Systemic sclerosis (SSc) is a heterogenous autoimmune disease involving multiple organ systems, characterised by the triad of fibrosis, inflammation and vasculopathy.1 SSc confers an increased risk of mortality, with a standardised mortality ratio of 2.7–3.4 compared to the general population,2,3 and more than 20 years of life lost.3 Cardiopulmonary complications, particularly interstitial lung disease (ILD) and pulmonary arterial hypertension (PAH), are a major contributor to mortality in SSc.3 SSc-ILD is implicated in 20–35% of SSc-related deaths,2–4 and tends to occur early in the disease course, particularly in the first 5 years from symptom onset.5,6

ILD in SSc is highly prevalent, although exact estimates depend on the diagnostic modality used. Up to 75–90% of individuals with SSc will display some abnormality on chest high-resolution computed tomography (HRCT),7,8 the gold-standard diagnostic investigation for SSc-ILD.5 While some individuals may have subclinical disease, around 40% will develop moderate or severe disease.9 Thus, there is a broad spectrum of disease in SSc-ILD, and a variable natural history. Identifying those at highest risk of progressive ILD is important in determining optimal management, as early initiation of treatment to prevent further loss of lung function is likely to improve survival. Here, we aim to summarise current knowledge about SSc-ILD, with emphasis on diagnostic approaches and risk-stratification.

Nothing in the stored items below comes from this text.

(* Let $\mathbb{K}$ be a field of characteristic $0$, let $V$ be a $\mathbb{K}$-vector space of dimension $n\ge d$, and let $\mathcal{P}_d$ be a homogeneous polynomial functor of degree $d$. Then the functor $\Omega_{V,d}(\mathcal{P}_d):\mathbf{Vec}\to\mathbf{Vec}$ is a homogeneous polynomial functor of degree $d$.
   Context: $\mathbf{Vec}$ is the category of finite-dimensional $\mathbb{K}$-spaces. A functor $\mathcal{P}:\mathbf{Vec}\to\mathbf{Vec}$ is a polynomial functor if each map $\operatorname{Hom}(X,Y)\to\operatorname{Hom}(\mathcal{P}(X),\mathcal{P}(Y))$ is polynomial, homogeneous of degree $d$ if $\mathcal{P}(\lambda h)=\lambda^d\mathcal{P}(h)$. Definition: $\Omega_{V,d}(\mathcal{P}_d)(W)=\operatorname{Hom}_{\mathrm{GL}(V)}\bigl(\bigwedge^dV,\mathcal{P}_d(W\otimes V)\bigr)$, where $\mathrm{GL}(V)$ acts on $W\otimes V$ by $g\mapsto\mathrm{id}_W\otimes g$ and on $\mathcal{P}_d(W\otimes V)$ through $\mathcal{P}_d$; a linear map $h:W\to W'$ is sent to post-composition with $\mathcal{P}_d(h\otimes\mathrm{id}_V)$. (I.e. $\Omega_{V,d}(\mathcal{P}_d)=\mathcal{H}_{V,d}\circ\mathcal{P}_{V,d}\circ\mathcal{T}_V$ with $\mathcal{T}_V=-\otimes V$ and $\mathcal{H}_{V,d}=\operatorname{Hom}_{\mathrm{GL}(V)}(\bigwedge^dV,-)$.) *)

theory Defs
  imports "Jordan_Normal_Form.Determinant" "Jordan_Normal_Form.DL_Submatrix"
begin

text \<open>We work on the skeleton of Vec: objects are the spaces K^m (m :: nat), and a
linear map K^m -> K^k is a k x m matrix (Jordan_Normal_Form matrices).\<close>

inductive poly_fun :: "nat \<Rightarrow> nat \<Rightarrow> ('a::comm_ring_1 mat \<Rightarrow> 'a) \<Rightarrow> bool"
  for k m :: nat where
  pf_const: "poly_fun k m (\<lambda>h. c)"
| pf_entry: "i < k \<Longrightarrow> j < m \<Longrightarrow> poly_fun k m (\<lambda>h. h $$ (i, j))"
| pf_add: "poly_fun k m f \<Longrightarrow> poly_fun k m g \<Longrightarrow> poly_fun k m (\<lambda>h. f h + g h)"
| pf_mult: "poly_fun k m f \<Longrightarrow> poly_fun k m g \<Longrightarrow> poly_fun k m (\<lambda>h. f h * g h)"

definition polynomial_on :: "nat \<Rightarrow> nat \<Rightarrow> ('a::comm_ring_1 mat \<Rightarrow> 'a) \<Rightarrow> bool" where
  "polynomial_on k m f \<longleftrightarrow> (\<exists>p. poly_fun k m p \<and> (\<forall>h \<in> carrier_mat k m. f h = p h))"

text \<open>A homogeneous polynomial functor of degree d, with P(K^m) = K^(Pdim m)
 and P(h) = Pmat h (a Pdim k x Pdim m matrix for h : K^m -> K^k).\<close>
definition hom_poly_functor :: "(nat \<Rightarrow> nat) \<Rightarrow> ('a::comm_ring_1 mat \<Rightarrow> 'a mat) \<Rightarrow> nat \<Rightarrow> bool" where
  "hom_poly_functor Pdim Pmat d \<longleftrightarrow>
     (\<forall>k m h. h \<in> carrier_mat k m \<longrightarrow> Pmat h \<in> carrier_mat (Pdim k) (Pdim m)) \<and>
     (\<forall>m. Pmat (1\<^sub>m m) = 1\<^sub>m (Pdim m)) \<and>
     (\<forall>k l m g h. g \<in> carrier_mat k l \<longrightarrow> h \<in> carrier_mat l m \<longrightarrow> Pmat (g * h) = Pmat g * Pmat h) \<and>
     (\<forall>k m i j. i < Pdim k \<longrightarrow> j < Pdim m \<longrightarrow> polynomial_on k m (\<lambda>h. Pmat h $$ (i, j))) \<and>
     (\<forall>k m c h. h \<in> carrier_mat k m \<longrightarrow> Pmat (c \<cdot>\<^sub>m h) = (c ^ d) \<cdot>\<^sub>m Pmat h)"

text \<open>A homogeneous polynomial functor of degree d whose value on K^m is a linear
 subspace S m of the space of R m x C m matrices, and whose value on a morphism h is
 the (linear) map M h.\<close>
definition hom_poly_subfunctor ::
  "(nat \<Rightarrow> nat) \<Rightarrow> (nat \<Rightarrow> nat) \<Rightarrow> (nat \<Rightarrow> 'a::comm_ring_1 mat set) \<Rightarrow> ('a mat \<Rightarrow> 'a mat \<Rightarrow> 'a mat) \<Rightarrow> nat \<Rightarrow> bool" where
  "hom_poly_subfunctor R C S M d \<longleftrightarrow>
     (\<forall>m. S m \<subseteq> carrier_mat (R m) (C m) \<and> 0\<^sub>m (R m) (C m) \<in> S m \<and>
          (\<forall>x \<in> S m. \<forall>y \<in> S m. x + y \<in> S m) \<and> (\<forall>c. \<forall>x \<in> S m. c \<cdot>\<^sub>m x \<in> S m)) \<and>
     (\<forall>k m h. h \<in> carrier_mat k m \<longrightarrow>
        (\<forall>x \<in> S m. M h x \<in> S k) \<and>
        (\<forall>x \<in> S m. \<forall>y \<in> S m. M h (x + y) = M h x + M h y) \<and>
        (\<forall>c. \<forall>x \<in> S m. M h (c \<cdot>\<^sub>m x) = c \<cdot>\<^sub>m M h x)) \<and>
     (\<forall>m. \<forall>x \<in> S m. M (1\<^sub>m m) x = x) \<and>
     (\<forall>k l m g h. g \<in> carrier_mat k l \<longrightarrow> h \<in> carrier_mat l m \<longrightarrow>
        (\<forall>x \<in> S m. M (g * h) x = M g (M h x))) \<and>
     (\<forall>k m. \<forall>x \<in> S m. \<forall>i j. i < R k \<longrightarrow> j < C k \<longrightarrow> polynomial_on k m (\<lambda>h. M h x $$ (i, j))) \<and>
     (\<forall>k m c h. h \<in> carrier_mat k m \<longrightarrow> (\<forall>x \<in> S m. M (c \<cdot>\<^sub>m h) x = (c ^ d) \<cdot>\<^sub>m M h x))"

text \<open>Kronecker product: for A : K^a -> K^b and B : K^c -> K^e, kron A B : K^a (x) K^c -> K^b (x) K^e,
 where the basis vector e_i (x) f_j of K^p (x) K^q = K^(p*q) has index i*q + j.\<close>
definition kron :: "'a::times mat \<Rightarrow> 'a mat \<Rightarrow> 'a mat" where
  "kron A B = mat (dim_row A * dim_row B) (dim_col A * dim_col B)
     (\<lambda>(i, j). A $$ (i div dim_row B, j div dim_col B) * B $$ (i mod dim_row B, j mod dim_col B))"

text \<open>Basis of the d-th exterior power of K^n: e_{i1} ^ ... ^ e_{id} with i1 < ... < id,
 listed in lexicographic order.\<close>
definition wedge_idx :: "nat \<Rightarrow> nat \<Rightarrow> nat list list" where
  "wedge_idx n d = filter (sorted_wrt (<)) (List.n_lists d [0..<n])"

text \<open>Matrix of the induced map on the d-th exterior power (d x d minors).\<close>
definition wedge_mat :: "nat \<Rightarrow> 'a::comm_ring_1 mat \<Rightarrow> 'a mat" where
  "wedge_mat d g = (let I = wedge_idx (dim_row g) d; J = wedge_idx (dim_col g) d in
     mat (length I) (length J) (\<lambda>(a, b). det (submatrix g (set (I ! a)) (set (J ! b)))))"

text \<open>Omega_{V,d}(P)(K^m) = Hom_{GL(V)}(wedge^d V, P(K^m (x) V)) for V = K^n, realised as the
 Pdim(m*n) x binom(n,d) matrices x with P(id_W (x) g) x = x (wedge^d g) for all g in GL(V).\<close>
definition Omega_obj :: "(nat \<Rightarrow> nat) \<Rightarrow> ('a::comm_ring_1 mat \<Rightarrow> 'a mat) \<Rightarrow> nat \<Rightarrow> nat \<Rightarrow> nat \<Rightarrow> 'a mat set" where
  "Omega_obj Pdim Pmat n d m =
     {x \<in> carrier_mat (Pdim (m * n)) (length (wedge_idx n d)).
        \<forall>g \<in> carrier_mat n n. invertible_mat g \<longrightarrow>
          Pmat (kron (1\<^sub>m m) g) * x = x * wedge_mat d g}"

definition Omega_mor :: "('a::comm_ring_1 mat \<Rightarrow> 'a mat) \<Rightarrow> nat \<Rightarrow> 'a mat \<Rightarrow> 'a mat \<Rightarrow> 'a mat" where
  "Omega_mor Pmat n h x = Pmat (kron h (1\<^sub>m n)) * x"

end

theory Submission
  imports Defs
begin

(* Omega(P)(W) is the solution space of the linear equations P(id_W (x) g) x = x (wedge^d g),
   g in GL(V), so it is a linear subspace.  Omega(h) is post-composition with P(h (x) id_V), and
   h (x) id_V commutes with id (x) g because both composites equal h (x) g; applying the functor P
   shows that Omega(h) maps solutions to solutions.  Functoriality, polynomiality and homogeneity
   of degree d are then inherited from P, because h \<mapsto> h (x) id_V is multiplicative, linear and
   has polynomial entries. *)

lemma sum_lessThan_mult:
  fixes q s :: nat
  shows "(\<Sum>l<q * s. f l) = (\<Sum>a<q. \<Sum>b<s. f (a * s + b) :: 'b::comm_monoid_add)"
proof -
  have "sum f {a * s..<a * s + s} = (\<Sum>b<s. f (a * s + b))" for a
    using sum.shift_bounds_nat_ivl[of f 0 "a * s" s] by (simp add: atLeast0LessThan add.commute)
  then show ?thesis by (simp add: sum.nat_group[symmetric])
qed

lemma dim_kron [simp]:
  "dim_row (kron A B) = dim_row A * dim_row B"
  "dim_col (kron A B) = dim_col A * dim_col B"
  unfolding kron_def by simp_all

lemma kron_carrier_mat [simp]:
  "A \<in> carrier_mat p q \<Longrightarrow> B \<in> carrier_mat r s \<Longrightarrow> kron A B \<in> carrier_mat (p * r) (q * s)"
  unfolding carrier_mat_def by simp

lemma index_kron:
  "i < dim_row A * dim_row B \<Longrightarrow> j < dim_col A * dim_col B \<Longrightarrow>
   kron A B $$ (i, j) = A $$ (i div dim_row B, j div dim_col B) * B $$ (i mod dim_row B, j mod dim_col B)"
  unfolding kron_def by simp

Patients with scleroderma at increased risk for developing ILD include those with diffuse cutaneous SSc (dcSSc),6,10,11 male sex12 and anti-Scl-70 antibodies.6,11,12 Certain racial groups have also been identified as being at higher risk of developing SSc-ILD, particularly individuals of African-American13 and Asian14,15 ethnicity. People with gastro-oesophageal reflux disease (GORD) also appear to be at higher risk of SSc-ILD.16 Anti-Scl-70 positivity has been associated with a higher risk of both developing ILD, and more severe ILD on both chest HRCT17 and as measured by FVC values lower than 70%.10,17 Anti-centromere antibody (ACA) positivity confers a lower risk of developing ILD.12 Data are conflicting regarding ILD risk in those with anti-RNA polymerase-3 (RNAP3) positivity; while some data suggest around 50% of RNAP3-positive individuals may present with ILD,18,19 others suggest a lower frequency and less severe ILD in this group.20,21 In the two studies reporting 50% ILD prevalence in RNAP3 positive participants, this group tended to have milder disease at baseline.18,19

Screening for ILD is recommended for all patients with SSc and should include assessment of symptoms, chest auscultation, spirometry with DLCO, chest HRCT at baseline, and/or autoantibody testing.22 The presence of respiratory symptoms, such as exertional dyspnoea and cough, is important in the screening of SSc-ILD, although the use of symptoms alone is unreliable. Respiratory symptoms are often insidious in onset and can be masked by other factors such as relative immobility and pain from musculoskeletal disease. Pulmonary function testing (PFT) remains an important component of screening for, and assessment of, both PAH and ILD in SSc. While FVC is predominantly a marker of the pulmonary interstitium, DLCO is a marker of both the pulmonary interstitium and vasculature. The utility of PFTs is limited by the wide range of normal values. Indeed, up to 60% of individuals with ILD evident on chest HRCT may have normal forced vital capacity (FVC).23 Chest HRCT remains the gold standard for the detection of ILD and is more sensitive than chest X-ray imaging.5,23,24 The radiographic extent of fibrosis at baseline may be associated with FVC decline, with greater than 25% extent of fibrosis on baseline HRCT associated with increased rate of FVC decline.25

HRCT staging systems also provide important prognostic information. Radiographic extent of ILD on baseline HRCT is associated with increased mortality, especially with greater than 20% total lung involvement, or 10–20% involvement together with an FVC lower than 70%.26,27 Moreover, a normal chest HRCT at baseline confers a lower risk of developing SSc-ILD in future, and thus is associated with a better prognosis.28,29 In one study, 85% of people with a normal chest HRCT at baseline did not develop ILD over 5 years.28 Given that SSc-ILD most commonly develops in the first 5 years of SSc onset, performing chest HRCT around the time of diagnosis seems to be an optimal timepoint.5,6

Not all individuals with chest HRCT abnormalities develop progressive ILD, thus it is important that all patients with SSc-ILD are closely monitored, particularly early in the disease course. Monitoring for ILD progression should include regular assessment of symptoms and exercise tolerance, physical examination, and pulmonary function tests.80 While there are no current recommendations about the indications for, and timing of, serial chest HRCT examination, this may be considered in the case of progressive symptoms, to assess treatment response, and to investigate acute exacerbations.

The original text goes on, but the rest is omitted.